Segment Start: DATA FOR REVIEW
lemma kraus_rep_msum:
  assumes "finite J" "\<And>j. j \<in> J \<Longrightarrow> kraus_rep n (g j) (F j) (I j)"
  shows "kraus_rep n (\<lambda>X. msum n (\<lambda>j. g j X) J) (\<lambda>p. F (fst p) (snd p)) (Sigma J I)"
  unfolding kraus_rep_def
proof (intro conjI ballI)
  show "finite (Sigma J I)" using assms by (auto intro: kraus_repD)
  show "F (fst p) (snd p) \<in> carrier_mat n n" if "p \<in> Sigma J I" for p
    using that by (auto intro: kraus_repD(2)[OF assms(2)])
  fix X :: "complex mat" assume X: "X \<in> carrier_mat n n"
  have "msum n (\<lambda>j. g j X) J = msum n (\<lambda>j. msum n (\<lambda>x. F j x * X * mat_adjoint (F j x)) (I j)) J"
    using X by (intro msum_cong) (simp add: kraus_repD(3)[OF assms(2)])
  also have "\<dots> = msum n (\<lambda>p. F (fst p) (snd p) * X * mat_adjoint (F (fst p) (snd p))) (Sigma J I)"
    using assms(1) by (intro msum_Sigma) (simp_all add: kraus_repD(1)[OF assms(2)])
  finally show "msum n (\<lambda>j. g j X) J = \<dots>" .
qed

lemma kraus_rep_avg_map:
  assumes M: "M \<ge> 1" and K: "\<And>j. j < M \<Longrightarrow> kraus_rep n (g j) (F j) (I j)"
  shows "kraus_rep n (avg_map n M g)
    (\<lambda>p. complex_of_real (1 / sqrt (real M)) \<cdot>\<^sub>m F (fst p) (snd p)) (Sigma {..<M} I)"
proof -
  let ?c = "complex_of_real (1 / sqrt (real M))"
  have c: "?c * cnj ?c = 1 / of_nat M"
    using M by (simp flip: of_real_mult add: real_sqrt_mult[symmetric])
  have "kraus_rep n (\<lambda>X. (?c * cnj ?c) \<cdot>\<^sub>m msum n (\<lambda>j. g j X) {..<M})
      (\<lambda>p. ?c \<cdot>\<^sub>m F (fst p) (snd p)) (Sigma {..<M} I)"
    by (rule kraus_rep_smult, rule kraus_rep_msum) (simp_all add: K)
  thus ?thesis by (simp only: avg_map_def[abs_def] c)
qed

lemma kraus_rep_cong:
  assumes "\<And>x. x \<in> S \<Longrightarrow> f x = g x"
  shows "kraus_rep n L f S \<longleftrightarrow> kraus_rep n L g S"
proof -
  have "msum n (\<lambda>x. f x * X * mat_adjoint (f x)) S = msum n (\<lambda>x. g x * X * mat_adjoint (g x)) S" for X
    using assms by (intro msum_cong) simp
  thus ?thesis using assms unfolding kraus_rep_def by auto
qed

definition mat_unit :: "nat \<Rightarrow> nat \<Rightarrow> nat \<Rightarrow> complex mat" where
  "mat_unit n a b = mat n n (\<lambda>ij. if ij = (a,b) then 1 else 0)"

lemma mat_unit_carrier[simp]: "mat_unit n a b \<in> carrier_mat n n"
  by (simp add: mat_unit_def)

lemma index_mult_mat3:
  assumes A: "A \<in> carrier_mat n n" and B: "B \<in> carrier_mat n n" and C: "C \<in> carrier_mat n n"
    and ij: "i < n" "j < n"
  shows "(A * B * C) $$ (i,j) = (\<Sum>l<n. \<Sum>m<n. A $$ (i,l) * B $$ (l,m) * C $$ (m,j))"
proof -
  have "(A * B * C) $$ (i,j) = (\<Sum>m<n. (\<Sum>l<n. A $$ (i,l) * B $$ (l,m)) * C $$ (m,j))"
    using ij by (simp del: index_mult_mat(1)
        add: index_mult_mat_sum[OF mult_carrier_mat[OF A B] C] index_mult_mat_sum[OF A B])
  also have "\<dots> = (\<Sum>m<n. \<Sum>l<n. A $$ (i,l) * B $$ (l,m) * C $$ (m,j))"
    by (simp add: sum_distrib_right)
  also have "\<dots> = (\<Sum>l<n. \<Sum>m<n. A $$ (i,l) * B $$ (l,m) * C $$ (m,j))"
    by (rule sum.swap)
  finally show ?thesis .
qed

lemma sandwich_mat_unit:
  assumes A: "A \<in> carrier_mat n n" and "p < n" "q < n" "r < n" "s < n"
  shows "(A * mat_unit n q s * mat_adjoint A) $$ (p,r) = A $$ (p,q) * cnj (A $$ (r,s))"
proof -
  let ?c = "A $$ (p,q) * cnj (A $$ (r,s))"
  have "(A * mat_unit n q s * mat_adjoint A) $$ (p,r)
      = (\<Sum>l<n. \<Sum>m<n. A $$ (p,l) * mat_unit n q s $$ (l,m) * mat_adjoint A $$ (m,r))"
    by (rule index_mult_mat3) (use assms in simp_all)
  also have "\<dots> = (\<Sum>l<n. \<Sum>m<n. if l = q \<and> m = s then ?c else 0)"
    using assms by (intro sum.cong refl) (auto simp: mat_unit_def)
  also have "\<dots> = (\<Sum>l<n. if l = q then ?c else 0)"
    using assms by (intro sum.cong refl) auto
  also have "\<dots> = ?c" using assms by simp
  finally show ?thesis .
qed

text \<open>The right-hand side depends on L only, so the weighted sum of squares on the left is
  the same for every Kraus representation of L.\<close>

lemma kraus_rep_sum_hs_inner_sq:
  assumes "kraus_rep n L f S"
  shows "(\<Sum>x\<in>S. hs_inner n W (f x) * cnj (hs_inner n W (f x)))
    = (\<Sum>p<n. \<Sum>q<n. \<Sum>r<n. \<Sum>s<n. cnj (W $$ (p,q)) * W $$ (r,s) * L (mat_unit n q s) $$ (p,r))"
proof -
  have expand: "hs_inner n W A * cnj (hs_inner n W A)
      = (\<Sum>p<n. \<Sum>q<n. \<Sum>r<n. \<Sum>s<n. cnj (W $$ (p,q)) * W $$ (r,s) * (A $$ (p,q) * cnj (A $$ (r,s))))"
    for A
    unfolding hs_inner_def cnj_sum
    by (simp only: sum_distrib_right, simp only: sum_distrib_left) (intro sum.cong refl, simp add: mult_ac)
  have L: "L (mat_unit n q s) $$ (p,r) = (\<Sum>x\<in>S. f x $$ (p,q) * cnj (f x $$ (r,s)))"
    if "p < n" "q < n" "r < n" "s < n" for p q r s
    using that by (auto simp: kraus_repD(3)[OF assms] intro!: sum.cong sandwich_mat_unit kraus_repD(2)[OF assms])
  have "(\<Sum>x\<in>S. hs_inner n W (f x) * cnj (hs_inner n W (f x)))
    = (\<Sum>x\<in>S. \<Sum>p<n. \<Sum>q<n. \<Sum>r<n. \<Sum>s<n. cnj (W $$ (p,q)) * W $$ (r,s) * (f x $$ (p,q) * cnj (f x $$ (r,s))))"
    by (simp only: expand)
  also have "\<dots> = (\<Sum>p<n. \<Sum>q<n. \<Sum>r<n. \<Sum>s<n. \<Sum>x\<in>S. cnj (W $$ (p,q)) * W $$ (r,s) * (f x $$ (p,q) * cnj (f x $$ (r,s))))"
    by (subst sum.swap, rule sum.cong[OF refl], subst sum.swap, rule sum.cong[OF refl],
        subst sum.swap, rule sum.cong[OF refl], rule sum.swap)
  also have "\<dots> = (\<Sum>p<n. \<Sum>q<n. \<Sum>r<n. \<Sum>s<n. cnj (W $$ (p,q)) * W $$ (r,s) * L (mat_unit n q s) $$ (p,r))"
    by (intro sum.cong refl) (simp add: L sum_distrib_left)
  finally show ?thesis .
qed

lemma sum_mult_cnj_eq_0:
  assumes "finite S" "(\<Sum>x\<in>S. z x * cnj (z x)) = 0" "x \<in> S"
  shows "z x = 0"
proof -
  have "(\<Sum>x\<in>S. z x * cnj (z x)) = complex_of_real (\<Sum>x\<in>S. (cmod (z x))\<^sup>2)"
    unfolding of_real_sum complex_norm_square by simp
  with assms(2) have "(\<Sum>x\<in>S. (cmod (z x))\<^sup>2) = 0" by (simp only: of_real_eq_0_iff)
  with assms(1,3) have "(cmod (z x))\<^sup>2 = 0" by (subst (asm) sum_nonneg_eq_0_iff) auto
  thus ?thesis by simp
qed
Segment End: DATA FOR REVIEW
In the records, which lines use the word "unfolding"? Report them.

  unfolding kraus_rep_def
  thus ?thesis using assms unfolding kraus_rep_def by auto
    unfolding hs_inner_def cnj_sum
    unfolding of_real_sum complex_norm_square by simp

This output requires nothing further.